- Sire: Bassetlaw
- Grandsire: St. Simon
- Dam: Lady Betz
- Damsire: Hanover
- Sex: Stallion
- Foaled: 1908
- Country: Canada
- Colour: Bay
- Breeder: Cedar Grove Stud
- Owner: Harry Giddings
- Trainer: Harry Giddings, Jr.

Major wins
- Dominion Plate (1911) Canadian Classic Race wins: King's Plate (1911) Breeders' Stakes (1911)

= St. Bass =

Canadian-bred Thoroughbred racehorse

St. Bass (foaled 1908 in Ontario) was a Canadian Thoroughbred racehorse. Bred by Harry Giddings at his Cedar Grove Stud in Oakville, Ontario, his sire, Bassetlaw, was a son of the outstanding runner and nine-time Leading sire in Great Britain & Ireland, St. Simon. His dam was Lady Betz, the daughter of Hanover, a U.S. Racing Hall of Fame inductee and a four-time Leading sire in North America.

As a weanling, St. Bass almost died of distemper. As a yearling, he severely injured himself when he caught a hoof between the rails of a fence and as a result was unable to race until age three.

St. Bass was entered in the May 20, 1911 King's Plate, the preeminent Canadian Classic. The colt was ridden by a nineteen-year-old American jockey, Eddie Dugan, who three days earlier at Pimlico Race Course in Baltimore, Maryland had won an American Classic, the Preakness Stakes. Raced at Woodbine Park Race Course in Toronto, Ontario, St. Bass won the King's Plate by six-lengths in a time of 2:08 4/5 for 11/4 miles, beating the existing record by an exceptional 1 3/5 seconds. St. Bass would be the first of four King's Plate winners for owner/breeder Harry Giddings and the first of a record eight wins as a trainer for his son, Harry Jr.

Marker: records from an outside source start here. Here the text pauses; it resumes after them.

(* Let $k,\ell,n\in\mathbb{N}$ (with $k\ge 0$) and let $k'=(2\ell+1)k+\ell$. Then $$H\big(\partial(k,n)\,\big|\,\partial(k',n)\big)\le \mathbb{E}[M(k',n)]\cdot(2\ell+1)^2.$$
   Context: $S$ is simple symmetric random walk on $\mathbb{Z}^2$ started at $0$, $R(n)=\{S(0),\ldots,S(n)\}$. The inner boundary of $A\subset\mathbb{Z}^2$ is $\partial A=\{a\in A: a \text{ is at graph distance } 1 \text{ from some vertex of } \mathbb{Z}^2\setminus A\}$. For $z\in\mathbb{Z}^2$, $k\ge0$: $Q(z,k)=\{z+(j,j'): -k\le j,j'\le k\}$; $\Lambda(k)=\{(2k+1)z: z\in\mathbb{Z}^2\}$. $I(z,k,n)$ is the indicator of $\{\partial R(n)\cap Q(z,k)\ne\emptyset\}$, $M(k,n)=\sum_{z\in\Lambda(k)}I(z,k,n)$, and $\partial(k,n)$ denotes the random vector $(I(z,k,n))_{z\in\Lambda(k)\cap[-2n,2n]^2}$. Entropy: $H(X)=\mathbb{E}[-\log_2 p(X)]$ with $p(x)=\Pr[X=x]$, and conditional entropy $H(X\mid Y)=H(X,Y)-H(Y)$. *)

theory Defs
  imports "HOL-Probability.Probability" "HOL-Library.FuncSet"
begin

type_synonym pt = "int \<times> int"

definition unit_steps :: "pt set" where
  "unit_steps = {(1,0), (-1,0), (0,1), (0,-1)}"

definition paths :: "nat \<Rightarrow> pt list set" where
  "paths n = {xs. length xs = n \<and> set xs \<subseteq> unit_steps}"

definition walk :: "nat \<Rightarrow> pt list pmf" where
  "walk n = pmf_of_set (paths n)"

definition pos :: "pt list \<Rightarrow> nat \<Rightarrow> pt" where
  "pos xs j = (sum_list (map fst (take j xs)), sum_list (map snd (take j xs)))"

definition rng :: "nat \<Rightarrow> pt list \<Rightarrow> pt set" where
  "rng n xs = pos xs ` {0..n}"

definition inner_bdry :: "pt set \<Rightarrow> pt set" where
  "inner_bdry A = {a \<in> A. \<exists>b. b \<notin> A \<and> \<bar>fst a - fst b\<bar> + \<bar>snd a - snd b\<bar> = 1}"

definition Qbox :: "pt \<Rightarrow> nat \<Rightarrow> pt set" where
  "Qbox z k = {(fst z + j, snd z + j') | j j'.
      - int k \<le> j \<and> j \<le> int k \<and> - int k \<le> j' \<and> j' \<le> int k}"

definition Lam :: "nat \<Rightarrow> pt set" where
  "Lam k = {((2 * int k + 1) * a, (2 * int k + 1) * b) | a b. True}"

definition Ind :: "pt \<Rightarrow> nat \<Rightarrow> nat \<Rightarrow> pt list \<Rightarrow> bool" where
  "Ind z k n xs \<longleftrightarrow> inner_bdry (rng n xs) \<inter> Qbox z k \<noteq> {}"

text \<open>M(k,n) = sum over z in Lambda(k) of I(z,k,n) (only finitely many nonzero terms).\<close>
definition Mcount :: "nat \<Rightarrow> nat \<Rightarrow> pt list \<Rightarrow> nat" where
  "Mcount k n xs = card {z \<in> Lam k. Ind z k n xs}"

definition sqbox :: "nat \<Rightarrow> pt set" where
  "sqbox n = {z. \<bar>fst z\<bar> \<le> 2 * int n \<and> \<bar>snd z\<bar> \<le> 2 * int n}"

definition bvec :: "nat \<Rightarrow> nat \<Rightarrow> pt list \<Rightarrow> (pt \<Rightarrow> bool)" where
  "bvec k n xs = restrict (\<lambda>z. Ind z k n xs) (Lam k \<inter> sqbox n)"
lemma foelner_fibre_of_card_bounds:
  assumes "compact K" "compact B" "0 \<le> eps" "0 < n" "n \<le> card (fibre G B v)"
    and "real (card (fibre G (setmul G K B - B) v)) \<le> eps * real n"
  shows "foelner G K eps (fibre G B v)"
proof -
  have "eps * real n \<le> eps * real (card (fibre G B v))"
    using assms(3,5) by (simp add: mult_left_mono)
  hence "real (card (fibre G (setmul G K B - B) v)) \<le> eps * real (card (fibre G B v))"
    using assms(6) by linarith
  moreover have "fibre G (setmul G K B - B) v \<subseteq> fibre G (setmul G K B) v"
    unfolding fibre_def by blast
  hence "finite (fibre G (setmul G K B - B) v)"
    using finite_fibre[OF compact_setmul[OF assms(1,2)]] by (rule finite_subset)
  moreover have "fibre G B v \<noteq> {}" using assms(4,5) by auto
  ultimately show ?thesis using finite_fibre[OF assms(2)]
    unfolding foelner_def fibre_setmul_diff[symmetric] by simp
qed

text \<open>The F{\o}lner set F is the fibre over u of a union of separated bisections; near u the
  fibres of this union still have at least |F| points, while by upper semicontinuity their
  K-boundaries have at most as many points as the K-boundary of F.\<close>
lemma foelner_towers_near_unit:
  assumes "principal G" "compact K" "u \<in> units G"
    and F: "F \<subseteq> {g. s g = u}" "u \<in> F" "foelner G K eps F"
  shows "\<exists>V. open V \<and> u \<in> V \<and> (\<forall>W. compact W \<and> open W \<and> W \<subseteq> V \<longrightarrow> foelner_tower G K eps W)"
proof -
  define n where "n = card F"
  have "finite F" using F(3) unfolding foelner_def by blast
  then obtain B i0 where B: "i0 < n" "B i0 \<subseteq> units G"
    "\<forall>i<n. compact (B i) \<and> open (B i) \<and> bisection G (B i) \<and> u \<in> s ` B i"
    "\<forall>i<n. \<forall>j<n. i \<noteq> j \<longrightarrow> r ` B i \<inter> r ` B j = {}" "fibre G (\<Union>i<n. B i) u = F"
    using separating_bisections[OF assms(1) _ F(1,2) assms(3)] unfolding n_def by blast
  have Bdisj: "\<forall>i<n. \<forall>j<n. i \<noteq> j \<longrightarrow> B i \<inter> B j = {}"
    using B(4) by (metis disjoint_iff imageI)
  define BB where "BB = (\<Union>i<n. B i)"
  have BB: "compact BB" "open BB" unfolding BB_def using B(3) by auto
  define T where "T = setmul G K BB - BB"
  have "compact T" unfolding T_def using compact_setmul[OF assms(2) BB(1)] BB(2) by (rule compact_diff)
  then obtain Vu where Vu: "open Vu" "u \<in> Vu" "\<forall>v\<in>Vu. card (fibre G T v) \<le> card (fibre G T u)"
    using card_fibre_upper_semicontinuous by blast
  have Tu: "real (card (fibre G T u)) \<le> eps * real n"
    using F(3) B(5) unfolding T_def fibre_setmul_diff BB_def foelner_def n_def by simp
  define V where "V = Vu \<inter> (\<Inter>i<n. s ` B i)"
  show ?thesis
  proof (intro exI[of _ V] conjI allI impI)
    show "open V" unfolding V_def using Vu(1) B(3) open_src_image by (intro open_Int open_INT) auto
    show "u \<in> V" unfolding V_def using Vu(2) B(3) by auto
    fix W assume "compact W \<and> open W \<and> W \<subseteq> V"
    hence W: "compact W" "open W" "W \<subseteq> (\<Inter>i<n. s ` B i)" "W \<subseteq> Vu" unfolding V_def by auto
    obtain C where C: "tower G W n C i0" "(\<Union>i<n. C i i0) = BB \<inter> s -` W"
      using tower_of_bisections[OF _ B(1,2,4) W(1-3)] B(3) unfolding BB_def by blast
    have "0 < n" using B(1) by simp
    hence "0 \<le> eps" using Tu by (smt (verit) mult_neg_pos of_nat_0_le_iff of_nat_0_less_iff)
    have foelner_BB: "foelner G K eps (fibre G BB v)" if "v \<in> W" for v
    proof (rule foelner_fibre_of_card_bounds[OF assms(2) BB(1) \<open>0 \<le> eps\<close> \<open>0 < n\<close>])
      show "n \<le> card (fibre G BB v)" unfolding BB_def
        using finite_fibre[OF BB(1)] W(3) that Bdisj by (intro card_fibre_UN_ge) (auto simp: BB_def)
      have "card (fibre G T v) \<le> card (fibre G T u)" using Vu(3) W(4) that by blast
      thus "real (card (fibre G (setmul G K BB - BB) v)) \<le> eps * real n"
        using Tu unfolding T_def by linarith
    qed
    have "fibre G (\<Union>i<n. C i i0) v = fibre G BB v" if "v \<in> W" for v
      using C(2) that unfolding fibre_def by auto
    hence "\<forall>v\<in>W. foelner G K eps (fibre G (\<Union>i<n. C i i0) v)" using foelner_BB by simp
    thus "foelner_tower G K eps W" unfolding foelner_tower_def using C(1) by blast
  qed
qed

end

lemma normal_foelner_set_of_towers:
  fixes G :: "('g::topological_space) groupoid_ops" and m :: nat
  assumes cover: "(\<Union>l<m. W l) = units G" and disj: "\<forall>l l'. l \<noteq> l' \<longrightarrow> W l \<inter> W l' = {}"
    and towers: "\<forall>l<m. foelner_tower G K eps (W l)"
  shows "\<exists>S. normal_foelner_set G K eps S"
proof -
  obtain n C i0 where T: "\<And>l. l < m \<Longrightarrow> tower G (W l) (n l) (C l) (i0 l) \<and>
      (\<forall>v\<in>W l. foelner G K eps (fibre G (\<Union>i<n l. C l i (i0 l)) v))"
    using towers unfolding foelner_tower_def by metis
  have ms: "compact_open_multisection G {..<n l} (C l)" "i0 l < n l" "C l (i0 l) (i0 l) = W l"
    "\<forall>i<n l. src G ` C l i (i0 l) \<subseteq> W l"
    "\<forall>i<n l. \<forall>j<n l. i \<noteq> j \<longrightarrow> C l i (i0 l) \<inter> C l j (i0 l) = {}" if "l < m" for l
    using T[OF that] unfolding tower_def by auto
  have co: "compact (C l i (i0 l)) \<and> open (C l i (i0 l))" if "l < m" "i < n l" for l i
    using ms[OF that(1)] that(2) unfolding compact_open_multisection_def by auto
  define S where "S = (\<Union>l<m. \<Union>i\<in>{..<n l}. C l i (i0 l))"
  have disj_cells: "C l i (i0 l) \<inter> C l' i' (i0 l') = {}"
    if "l < m" "l' < m" "i < n l" "i' < n l'" "(l, i) \<noteq> (l', i')" for l l' i i'
  proof (cases "l = l'")
    case True
    thus ?thesis using ms(5)[OF that(1)] that by auto
  next
    case False
    have "src G ` C l i (i0 l) \<subseteq> W l" "src G ` C l' i' (i0 l') \<subseteq> W l'"
      using ms(4)[OF that(1)] ms(4)[OF that(2)] that(3,4) by simp_all
    moreover have "W l \<inter> W l' = {}" using disj False by simp
    ultimately show ?thesis by blast
  qed
  have "normal_set G S"
    unfolding normal_set_def
  proof (intro conjI exI[of _ m] exI[of _ "\<lambda>l. {..<n l}"] exI[of _ C] exI[of _ i0])
    show "compact S" unfolding S_def using co by (intro compact_UN) auto
    show "open S" unfolding S_def using co by (intro open_UN) auto
    show "\<forall>l<m. compact_open_multisection G {..<n l} (C l) \<and> i0 l \<in> {..<n l}" using ms by simp
    show "S = (\<Union>l<m. \<Union>i\<in>{..<n l}. C l i (i0 l))" by (rule S_def)
    show "\<forall>l<m. \<forall>l'<m. \<forall>i\<in>{..<n l}. \<forall>i'\<in>{..<n l'}. (l, i) \<noteq> (l', i') \<longrightarrow>
        C l i (i0 l) \<inter> C l' i' (i0 l') = {}" using disj_cells by simp
    show "units G = (\<Union>l<m. C l (i0 l) (i0 l))" using ms(3) cover by simp
    show "\<forall>l<m. \<forall>l'<m. l \<noteq> l' \<longrightarrow> C l (i0 l) (i0 l) \<inter> C l' (i0 l') (i0 l') = {}"
      using ms(3) disj by simp
  qed
  moreover have "foelner G K eps (fibre G S u)" if "u \<in> units G" for u
  proof -
    have "u \<in> (\<Union>l<m. W l)" using cover that by simp
    then obtain l where l: "l < m" "u \<in> W l" by blast
    have "fibre G S u = fibre G (\<Union>i<n l. C l i (i0 l)) u"
    proof (intro equalityI subsetI)
      fix x assume "x \<in> fibre G S u"
      then obtain l' i where x: "l' < m" "i < n l'" "x \<in> C l' i (i0 l')" "src G x = u"
        unfolding S_def fibre_def by auto
      hence "u \<in> W l'" using ms(4)[OF x(1)] by blast
      hence "l' = l" using disj l(2) by blast
      thus "x \<in> fibre G (\<Union>i<n l. C l i (i0 l)) u" using x unfolding fibre_def by auto
    qed (use l(1) in \<open>auto simp: S_def fibre_def\<close>)
    thus ?thesis using T[OF l(1)] l(2) by simp
  qed
  ultimately show ?thesis unfolding normal_foelner_set_def by blast
qed
(* Let $I=[-1,1]$ and let $F:I\times I\to\mathbb R$ satisfy $F,F'_y\in\mathscr H(I,I)$, $F(0,0)=0$ and $F'_y(0,0)\neq0$. Then there exist an open neighborhood $U_1\times U_2\subset I\times I$ of $(0,0)$ and a unique $f\in\mathcal H^1(U_1)$ with $f(U_1)\subset U_2$ such that for all $(x,y)\in U_1\times U_2$: $F(x,y)=0$ if and only if $y=f(x)$.
   Context: For bounded intervals $I_1,I_2\subset\mathbb R$, $\mathscr H(I_1,I_2)$ is the set of functions $F:I_1\times I_2\to\mathbb R$ such that: (i) $F(x,\cdot)\in C^1(I_2)$ for each fixed $x\in I_1$; (ii) $F(\cdot,y)\in\mathcal H^1(I_1)$ for each fixed $y\in I_2$; (iii) there is $g\in L^2(I_1)$ with $|F'_x(x,y)|\le g(x)$ for all $(x,y)\in I_1\times I_2$. Here $\mathcal H^1(U)$ is the Sobolev space of (absolutely continuous) functions $f$ on $U$ with $f,f'\in L^2(U)$. *)

theory Defs
  imports "HOL-Analysis.Analysis"
begin

definition L2 :: "real set \<Rightarrow> (real \<Rightarrow> real) \<Rightarrow> bool" where
  "L2 U h \<longleftrightarrow> h \<in> borel_measurable (lebesgue_on U) \<and>
                integrable (lebesgue_on U) (\<lambda>x. (h x)\<^sup>2)"

text \<open>Sobolev space H^1(U) on an interval U: f is absolutely continuous on U, i.e. an
  indefinite integral of its (a.e.) derivative f', with f and f' in L^2(U).\<close>
definition H1 :: "real set \<Rightarrow> (real \<Rightarrow> real) set" where
  "H1 U = {f. L2 U f \<and> (\<exists>f'. L2 U f' \<and>
      (\<forall>a\<in>U. \<forall>b\<in>U. a \<le> b \<longrightarrow> (f' has_integral (f b - f a)) {a..b}))}"

definition C1_on :: "real set \<Rightarrow> (real \<Rightarrow> real) \<Rightarrow> bool" where
  "C1_on S h \<longleftrightarrow> (\<exists>D. continuous_on S D \<and>
      (\<forall>y\<in>S. (h has_real_derivative D y) (at y within S)))"

text \<open>The class H(I1,I2). Condition (iii) is stated for a representative Fx of the
  (a.e.) partial derivative in x: Fx(.,y) is a derivative of F(.,y) in the sense of H^1.\<close>
definition Hclass :: "real set \<Rightarrow> real set \<Rightarrow> (real \<Rightarrow> real \<Rightarrow> real) \<Rightarrow> bool" where
  "Hclass I1 I2 F \<longleftrightarrow>
     (\<forall>x\<in>I1. C1_on I2 (F x)) \<and>
     (\<forall>y\<in>I2. (\<lambda>x. F x y) \<in> H1 I1) \<and>
     (\<exists>Fx g. L2 I1 g \<and>
        (\<forall>y\<in>I2. \<forall>a\<in>I1. \<forall>b\<in>I1. a \<le> b \<longrightarrow>
            ((\<lambda>x. Fx x y) has_integral (F b y - F a y)) {a..b}) \<and>
        (\<forall>x\<in>I1. \<forall>y\<in>I2. \<bar>Fx x y\<bar> \<le> g x))"

end

theory Submission
  imports Defs
begin

text \<open>
  Replacing F by sgn (F'_y(0,0)) F we may assume F'_y(0,0) > 0. The bound g1 on the
  x-derivative of F'_y makes F'_y(., y) equicontinuous, so together with the continuity
  of F'_y(0, .) we get F'_y >= c > 0 on a square [-delta, delta]^2. There F(x, .) grows
  with slope at least c, and since |F(x, y) - F(x', y)| <= |G(x) - G(x')| for the indefinite
  integral G of the bound g0 on F'_x, F(x, -delta) < 0 < F(x, delta) for |x| <= epsilon. The
  intermediate value theorem yields the unique zero f(x), and comparing F(x, f(x)) with
  F(x', f(x')) gives c |f(y) - f(x)| <= integral of g0 over [x, y].

  A function f whose increments are dominated by the integral of some phi in L^2 lies in
  H^1: both f + Phi and Phi - f are nondecreasing for Phi the indefinite integral of phi,
  so the Lebesgue-Stieltjes measure of f + Phi is dominated by the measure with density
  2 phi, and the Radon-Nikodym theorem provides a derivative f' with |f'| <= phi a.e.
\<close>

section \<open>Square-integrable functions and indefinite integrals\<close>

lemma L2_subset:
  assumes "L2 S g" "T \<subseteq> S" "S \<in> sets lebesgue" "T \<in> sets lebesgue"
  shows "L2 T g"
proof -
  have m: "g \<in> borel_measurable (lebesgue_on S)" and i: "integrable (lebesgue_on S) (\<lambda>x. (g x)\<^sup>2)"
    using assms(1) by (auto simp: L2_def)
  have "integrable lebesgue (\<lambda>x. indicator S x *\<^sub>R (g x)\<^sup>2)"
    using i assms(3) by (simp add: integrable_restrict_space)
  then have "integrable lebesgue (\<lambda>x. indicator T x *\<^sub>R (indicator S x *\<^sub>R (g x)\<^sup>2))"
    using assms(4) by (rule integrable_mult_indicator[rotated])
  moreover have "(\<lambda>x. indicator T x *\<^sub>R (indicator S x *\<^sub>R (g x)\<^sup>2)) = (\<lambda>x. indicator T x *\<^sub>R (g x)\<^sup>2)"
    using assms(2) by (auto simp: indicator_def fun_eq_iff)
  ultimately show ?thesis
    using measurable_restrict_mono[OF m assms(2)] assms(4) by (simp add: L2_def integrable_restrict_space)
qed

lemma L2_cmult:
  assumes "L2 S g"
  shows "L2 S (\<lambda>x. c * g x)"
  using assms Bochner_Integration.integrable_mult_right[of "c\<^sup>2" "lebesgue_on S" "\<lambda>x. (g x)\<^sup>2"]
  by (auto simp: L2_def power_mult_distrib)

lemma L2_if_AE_abs_le:
  assumes "L2 S g" "u \<in> borel_measurable (lebesgue_on S)"
    and "AE x in lebesgue_on S. \<bar>u x\<bar> \<le> \<bar>g x\<bar>"
  shows "L2 S u"
proof -
  have "(\<lambda>x. (u x)\<^sup>2) \<in> borel_measurable (lebesgue_on S)"
    using assms(2) by measurable
  moreover have "AE x in lebesgue_on S. norm ((u x)\<^sup>2) \<le> norm ((g x)\<^sup>2)"
    using assms(3) by eventually_elim (simp add: abs_le_square_iff)
  ultimately have "integrable (lebesgue_on S) (\<lambda>x. (u x)\<^sup>2)"
    using assms(1) unfolding L2_def by (blast intro: Bochner_Integration.integrable_bound)
  then show ?thesis using assms(2) by (simp add: L2_def)
qed
(* Let $V$ be a finite-dimensional real Banach space. Then \[ \mathcal{LE}(V)=\mathcal{PC}(V)=\mathcal{LE}_c(V)=\mathcal{LE}_f(V). \]
   Context: For a function $f$ from a subset $X$ of a metric space $(Z,\rho)$ into a Banach space $V$, its Lipschitz constant is $L(f)=\sup\{\|f(x)-f(y)\|/\rho(x,y): x,y\in X,\ x\neq y\}$ (possibly $+\infty$). The Lipschitz extension constant $\mathcal{LE}(V)$ is the infimum of the constants $c$ such that for every metric space $(Z,\rho)$, every subset $X\subseteq Z$ and every function $f:X\to V$, there is an extension $g:Z\to V$ of $f$ with $L(g)\le cL(f)$ (and $\mathcal{LE}(V)=+\infty$ if no such $c$ exists). $\mathcal{LE}_c(V)$ is defined in the same way but using only compact metric spaces $Z$, and $\mathcal{LE}_f(V)$ using only finite metric spaces $Z$. The projection constant $\mathcal{PC}(V)$ is the infimum of the constants $c$ such that for every Banach space $W$ into which $V$ is isometrically (linearly) embedded there is a linear projection $P$ of $W$ onto $V$ with $\|P\|\le c$ ($+\infty$ if no such $c$ exists). *)

theory Defs
  imports "HOL-Analysis.Analysis"
begin

definition lip_const :: "'z set \<Rightarrow> ('z \<Rightarrow> 'z \<Rightarrow> real) \<Rightarrow> ('z \<Rightarrow> 'v::real_normed_vector) \<Rightarrow> ereal" where
  "lip_const X \<rho> f =
     Sup (insert 0 {ereal (norm (f x - f y) / \<rho> x y) | x y. x \<in> X \<and> y \<in> X \<and> x \<noteq> y})"

definition LE_admissible :: "('z set \<Rightarrow> ('z \<Rightarrow> 'z \<Rightarrow> real) \<Rightarrow> bool) \<Rightarrow> real \<Rightarrow> 'v::real_normed_vector itself \<Rightarrow> bool" where
  "LE_admissible P c _ \<longleftrightarrow>
     (\<forall>Z \<rho> X (f :: 'z \<Rightarrow> 'v). Metric_space Z \<rho> \<and> P Z \<rho> \<and> X \<subseteq> Z \<longrightarrow>
        (\<exists>g :: 'z \<Rightarrow> 'v. (\<forall>x\<in>X. g x = f x) \<and> lip_const Z \<rho> g \<le> ereal c * lip_const X \<rho> f))"

definition LE_const_on :: "('z set \<Rightarrow> ('z \<Rightarrow> 'z \<Rightarrow> real) \<Rightarrow> bool) \<Rightarrow> 'v::real_normed_vector itself \<Rightarrow> ereal" where
  "LE_const_on P V = Inf (ereal ` {c. 0 \<le> c \<and> LE_admissible P c V})"

text \<open>LE restricted to metric spaces whose points lie in the type 'z.
  The true LE(V) is the supremum of these over all types 'z.\<close>
definition LE_type :: "'z itself \<Rightarrow> 'v::real_normed_vector itself \<Rightarrow> ereal" where
  "LE_type _ V = LE_const_on (\<lambda>(Z::'z set) \<rho>. True) V"

text \<open>LE_f: finite metric spaces (every finite metric space is isometric to one whose
  carrier is a finite set of naturals).\<close>
definition LE_f :: "'v::real_normed_vector itself \<Rightarrow> ereal" where
  "LE_f V = LE_const_on (\<lambda>(Z::nat set) \<rho>. finite Z) V"

text \<open>LE_c: compact metric spaces (every compact metric space has cardinality at most
  that of the continuum, hence is isometric to one with carrier a set of reals).\<close>
definition LE_c :: "'v::real_normed_vector itself \<Rightarrow> ereal" where
  "LE_c V = LE_const_on (\<lambda>(Z::real set) \<rho>. compact_space (Metric_space.mtopology Z \<rho>)) V"

text \<open>The true PC(V) is the supremum of these over all types 'w.\<close>
definition PC_admissible :: "'w::real_normed_vector itself \<Rightarrow> real \<Rightarrow> 'v::real_normed_vector itself \<Rightarrow> bool" where
  "PC_admissible _ c _ \<longleftrightarrow>
     (\<forall>T :: 'v \<Rightarrow> 'w. linear T \<and> (\<forall>v. norm (T v) = norm v) \<longrightarrow>
        (\<exists>P :: 'w \<Rightarrow> 'w. linear P \<and> range P = range T \<and> (\<forall>w. P (P w) = P w) \<and>
           (\<forall>w. norm (P w) \<le> c * norm w)))"

definition PC_type :: "'w::real_normed_vector itself \<Rightarrow> 'v::real_normed_vector itself \<Rightarrow> ereal" where
  "PC_type W V = Inf (ereal ` {c. 0 \<le> c \<and> PC_admissible W c V})"

end

theory Submission
  imports Defs
begin

text \<open>Let V be finite dimensional, so that closed balls of V are compact.

  Extensions from finite subsets: given c L-Lipschitz extensions of f to every finite subset S of
  Z, their values at each point stay in a compact ball, so a limit along an ultrafilter on the
  finite subsets is a c L-Lipschitz extension to Z. Hence LE(V) = LE_c(V) = LE_f(V).

  PC(V) \<le> LE_f(V): extending the inverse of an isometric embedding T : V \<rightarrow> W gives a
  c-Lipschitz left inverse g of T. An invariant mean on bounded functions V \<rightarrow> V (limits of
  averages over large grids along an ultrafilter) makes g equivariant, g (y + T u) = g y + u, and
  a second invariant mean on W of the increments of g is an additive, bounded, hence linear left
  inverse Q of T with norm at most c; then T \<circ> Q is the projection.

  LE_f(V) \<le> PC(l-infinity): norming functionals (finite-dimensional Hahn-Banach) at a dense
  sequence embed V isometrically into l-infinity, where Lipschitz maps on finite sets extend with
  the same constant coordinatewise by McShane's formula; a projection onto the image of V brings
  the extension back to V.\<close>

section \<open>Lipschitz extension constants\<close>

definition lipschitz_wrt :: "('z \<Rightarrow> 'z \<Rightarrow> real) \<Rightarrow> real \<Rightarrow> 'z set \<Rightarrow> ('z \<Rightarrow> 'v::real_normed_vector) \<Rightarrow> bool" where
  "lipschitz_wrt \<rho> L X f \<longleftrightarrow> (\<forall>x\<in>X. \<forall>y\<in>X. norm (f x - f y) \<le> L * \<rho> x y)"

definition lipschitz_extendable ::
    "('z set \<Rightarrow> ('z \<Rightarrow> 'z \<Rightarrow> real) \<Rightarrow> bool) \<Rightarrow> real \<Rightarrow> 'v::real_normed_vector itself \<Rightarrow> bool" where
  "lipschitz_extendable P c _ \<longleftrightarrow>
     (\<forall>Z \<rho> X (f :: 'z \<Rightarrow> 'v) L. Metric_space Z \<rho> \<and> P Z \<rho> \<and> X \<subseteq> Z \<and> 0 \<le> L \<and> lipschitz_wrt \<rho> L X f \<longrightarrow>
        (\<exists>g. (\<forall>x\<in>X. g x = f x) \<and> lipschitz_wrt \<rho> (c * L) Z g))"

lemma lipschitz_extendableI:
  fixes V :: "'v::real_normed_vector itself"
  assumes "\<And>Z \<rho> X (f :: 'z \<Rightarrow> 'v) L. Metric_space Z \<rho> \<Longrightarrow> P Z \<rho> \<Longrightarrow> X \<subseteq> Z \<Longrightarrow> 0 \<le> L \<Longrightarrow>
      lipschitz_wrt \<rho> L X f \<Longrightarrow> \<exists>g. (\<forall>x\<in>X. g x = f x) \<and> lipschitz_wrt \<rho> (c * L) Z g"
  shows "lipschitz_extendable P c V"
  using assms unfolding lipschitz_extendable_def by blast

lemma lipschitz_extendableD:
  fixes V :: "'v::real_normed_vector itself" and f :: "'z \<Rightarrow> 'v"
  assumes "lipschitz_extendable P c V" "Metric_space Z \<rho>" "P Z \<rho>" "X \<subseteq> Z" "0 \<le> L"
    "lipschitz_wrt \<rho> L X f"
  shows "\<exists>g. (\<forall>x\<in>X. g x = f x) \<and> lipschitz_wrt \<rho> (c * L) Z g"
  using assms unfolding lipschitz_extendable_def by blast

lemma lipschitz_wrt_subset: "lipschitz_wrt \<rho> L Y f \<Longrightarrow> X \<subseteq> Y \<Longrightarrow> lipschitz_wrt \<rho> L X f"
  unfolding lipschitz_wrt_def by blast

Three days after winning the King's Plate, St. Bass and jockey Dugan won the Breeders' Stakes and on June 21, the colt won the Dominion Plate at the Hamilton, Ontario racetrack. While he would win other races in 1911, an injury forced St. Bass to retire that year.

St. Bass was not successful as a sire.